Pourtant, dans ce contexte, l’euro a maintenu la confiance qui lui était accordée. Et Jean-Claude Trichet de rappeler que cette zone de 335 millions d’habitants, a crée depuis sa naissance, en 2001, et jusqu’au 2ème trimestre 2013, quelque 12,9 millions d’emplois contre 12,3 millions aux Etats-Unis. A présent, elle regroupe 17 pays depuis l’entrée de la Slovaquie et de l’Estonie et devrait passer à 18 membres au 1er janvier 2014 avec l’arrivée de la Lettonie, signe de l’intérêt qu’elle continue à susciter. « Les Européens ne sont malheureusement pas très conscients de cette réalité historique ». Mais « vu de Shanghai ou des Etats-Unis, la monnaie et la zone euro sont solides »

Sur l’avenir du couple franco-allemand, chahuté par les divergences économiques entre les deux pays, Jean-Claude Trichet rappelle qu’il n’y a pas de fatalité à la chute de compétitivité de la France. Il suffit de se rappeler qu’il n’y a pas si longtemps c’était l’Allemagne le « malade de l’Europe » pour s’en persuader. Mais il met en garde les Allemands qui voudraient profiter de leurs succès pour obtenir un poids accru dans les droits de vote au sein de la BCE. Il serait « dangereux » à ses yeux, d’aboutir à une « renationalisation » de la politique de la BCE fondée, depuis Maastricht, sur le principe un pays une voix. Au passage, Jean-Claude Trichet trouve « incroyable » que les Allemands ne donnent pas un « coup de chapeau » à la BCE qui a maintenu l’inflation à 2,4% sur 15 ans en moyenne, faisant ainsi mieux que la Bundesbank (2,9% en moyenne en 40 ans jusqu’à la création de la monnaie unique)

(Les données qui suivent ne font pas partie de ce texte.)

(* The set of functions $\{\sigma_\omega\}_{\omega\in S}$ is linearly independent as a set of real-valued functions on the set of all Seifert matrices. That is, if $\omega_1,\dots,\omega_N\in S$ are distinct and $c_1,\dots,c_N\in\mathbb{R}$ satisfy $\sum_{i=1}^N c_i\,\sigma_{\omega_i}(V)=0$ for every Seifert matrix $V$, then $c_1=\dots=c_N=0$.
   Context: A Seifert matrix is a square integral matrix $V$ with $\det(V-V^T)=\pm1$ (such a matrix necessarily has even size). For a unit complex number $\omega$, the hermitianized Seifert form is $V_\omega=(1-\omega)V+(1-\bar\omega)V^T$ (a Hermitian matrix), and $\sigma_\omega(V)$ denotes its signature. $S$ denotes the set of unit complex numbers with positive imaginary part. *)

theory Defs
  imports Complex_Main "Jordan_Normal_Form.Char_Poly"
begin

definition seifert_matrix :: "int mat \<Rightarrow> bool" where
  "seifert_matrix V \<longleftrightarrow> dim_row V = dim_col V \<and>
     (det (V - transpose_mat V) = 1 \<or> det (V - transpose_mat V) = -1)"

definition herm_seifert :: "complex \<Rightarrow> int mat \<Rightarrow> complex mat" where
  "herm_seifert w V = (1 - w) \<cdot>\<^sub>m map_mat of_int V
      + (1 - cnj w) \<cdot>\<^sub>m map_mat of_int (transpose_mat V)"

definition signature :: "complex mat \<Rightarrow> int" where
  "signature A =
     int (\<Sum>x\<in>{x. poly (char_poly A) x = 0 \<and> x \<in> \<real> \<and> Re x > 0}. order x (char_poly A))
   - int (\<Sum>x\<in>{x. poly (char_poly A) x = 0 \<and> x \<in> \<real> \<and> Re x < 0}. order x (char_poly A))"

definition sigma_w :: "complex \<Rightarrow> int mat \<Rightarrow> int" where
  "sigma_w w V = signature (herm_seifert w V)"

definition S_set :: "complex set" where
  "S_set = {w. norm w = 1 \<and> Im w > 0}"

end

theory Submission
  imports Defs "Jordan_Normal_Form.Schur_Decomposition"
begin

text \<open>Suppose a nontrivial relation holds and let w be a point with nonzero coefficient and
  smallest real part, i.e. largest s = |1 - w|^2 = 2 - 2 Re w. For integers x, f the 4x4
  Seifert matrices seifert4 x f have traceless hermitianized forms whose determinant is
  s^2 h(s) with h = seifert4_poly x f quadratic in s. A traceless Hermitian 4x4 matrix has
  signature 0 if its determinant is positive and nonzero if it is negative. Choosing x and f so
  that h changes sign between the value of s at w and those at the other points isolates the
  term of w in the relation, so its coefficient vanishes.\<close>

section \<open>Signature and eigenvalues\<close>

lemma order_prod_linear_factors:
  "Polynomial.order x (\<Prod>a\<leftarrow>es. [:-a, 1:]) = count_list es (x :: 'a :: idom)"
proof (induction es)
  case (Cons a es)
  have "[:-a, 1:] * (\<Prod>b\<leftarrow>es. [:-b, 1:]) \<noteq> 0"
    unfolding mult_eq_0_iff prod_list_zero_iff by auto
  from order_mult[OF this] show ?case
    using Cons.IH by (simp add: order_linear')
qed simp

lemma count_list_filter: "P x \<Longrightarrow> count_list (filter P xs) x = count_list xs x"
  by (induction xs) auto

lemma sum_order_prod_linear_factors:
  fixes es :: "'a :: idom list"
  shows "(\<Sum>x\<in>{x. poly (\<Prod>a\<leftarrow>es. [:-a, 1:]) x = 0 \<and> P x}. Polynomial.order x (\<Prod>a\<leftarrow>es. [:-a, 1:]))
       = length (filter P es)"
proof -
  have roots: "{x. poly (\<Prod>a\<leftarrow>es. [:-a, 1:]) x = 0 \<and> P x} = set (filter P es)"
    by (auto simp: poly_prod_list_zero_iff)
  have "(\<Sum>x\<in>set (filter P es). count_list es x) = (\<Sum>x\<in>set (filter P es). count_list (filter P es) x)"
    by (intro sum.cong refl) (simp add: count_list_filter)
  then show ?thesis
    unfolding roots order_prod_linear_factors by (simp add: sum_count_set)
qed

lemma signature_eq_count_eigenvalues:
  assumes "char_poly A = (\<Prod>a\<leftarrow>es. [:-a, 1:])"
  shows "signature A = int (length (filter (\<lambda>x. x \<in> \<real> \<and> Re x > 0) es))
                     - int (length (filter (\<lambda>x. x \<in> \<real> \<and> Re x < 0) es))"
  unfolding signature_def assms sum_order_prod_linear_factors ..

definition mat_trace :: "'a :: comm_monoid_add mat \<Rightarrow> 'a" where
  "mat_trace A = (\<Sum>i<dim_row A. A $$ (i,i))"

lemma mat_trace_mult_comm:
  fixes A :: "'a :: comm_semiring_0 mat"
  assumes "A \<in> carrier_mat n m" "B \<in> carrier_mat m n"
  shows "mat_trace (A * B) = mat_trace (B * A)"
proof -
  have "mat_trace (A * B) = (\<Sum>i<n. \<Sum>k<m. A $$ (i,k) * B $$ (k,i))"
    unfolding mat_trace_def using assms by (simp add: scalar_prod_def lessThan_atLeast0)
  also have "\<dots> = (\<Sum>k<m. \<Sum>i<n. B $$ (k,i) * A $$ (i,k))"
    by (subst sum.swap) (simp add: mult.commute)
  also have "\<dots> = mat_trace (B * A)"
    unfolding mat_trace_def using assms by (simp add: scalar_prod_def lessThan_atLeast0)
  finally show ?thesis .
qed

lemma mat_trace_similar_mat_wit:
  fixes A :: "'a :: comm_semiring_1 mat"
  assumes "similar_mat_wit A B P Q"
  shows "mat_trace A = mat_trace B"
proof -
  obtain n where PQ: "Q * P = 1\<^sub>m n" and A: "A = P * B * Q"
    and carrier: "B \<in> carrier_mat n n" "P \<in> carrier_mat n n" "Q \<in> carrier_mat n n"
    using similar_mat_witD[OF refl assms] by blast
  have "mat_trace A = mat_trace ((P * B) * Q)"
    by (simp only: A)
  also have "\<dots> = mat_trace (Q * (P * B))"
    by (rule mat_trace_mult_comm) (use carrier in auto)
  also have "Q * (P * B) = B"
    using carrier PQ by (simp add: assoc_mult_mat[symmetric, of Q n n P n B n])
  finally show ?thesis .
qed

lemma upper_triangular_similar_eigenvalues:
  fixes A :: "'a :: conjugatable_ordered_field mat"
  assumes "A \<in> carrier_mat n n" "char_poly A = (\<Prod>a\<leftarrow>es. [:-a, 1:])"
  obtains B P Q where "similar_mat_wit A B P Q" "upper_triangular B" "diag_mat B = es"
  using schur_decomposition[OF assms] by (metis prod_cases3)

En revanche, il lui semble important de « rendre plus démocratiques les mesures d’ajustement » au sein de l’Union en donnant « plus de pouvoir au Parlement » – qui sera renouvelé lors des élections de mai prochain. L’ancien président de la BCE reconnait qu’une telle option n’est guère du goût des gouvernements ou de la Commission européenne. Mais le Parlement pourrait, par exemple, se voir attribuer un rôle « d’arbitre » entre les demandes de mesures d’ajustement du Conseil ou de la Commission européenne et un pays amené à en contester le bienfondé.

Interrogé sur les crises futures alors que le FMI s’inquiète de la situation dans certains pays émergents, Jean-Claude Trichet reconnait que « le monde change à une telle vitesse » que nous connaitrons forcément de nouveaux « tremblements de terre et des tsunamis ». Si les pays avancés ne font pas le nécessaire –réformes et redressement des finances publiques-, ils prépareront le « prochain épisode de la crise». S’ils font le nécessaire, « la prochaine crise viendra sans doute du pays émergent le plus négligent ».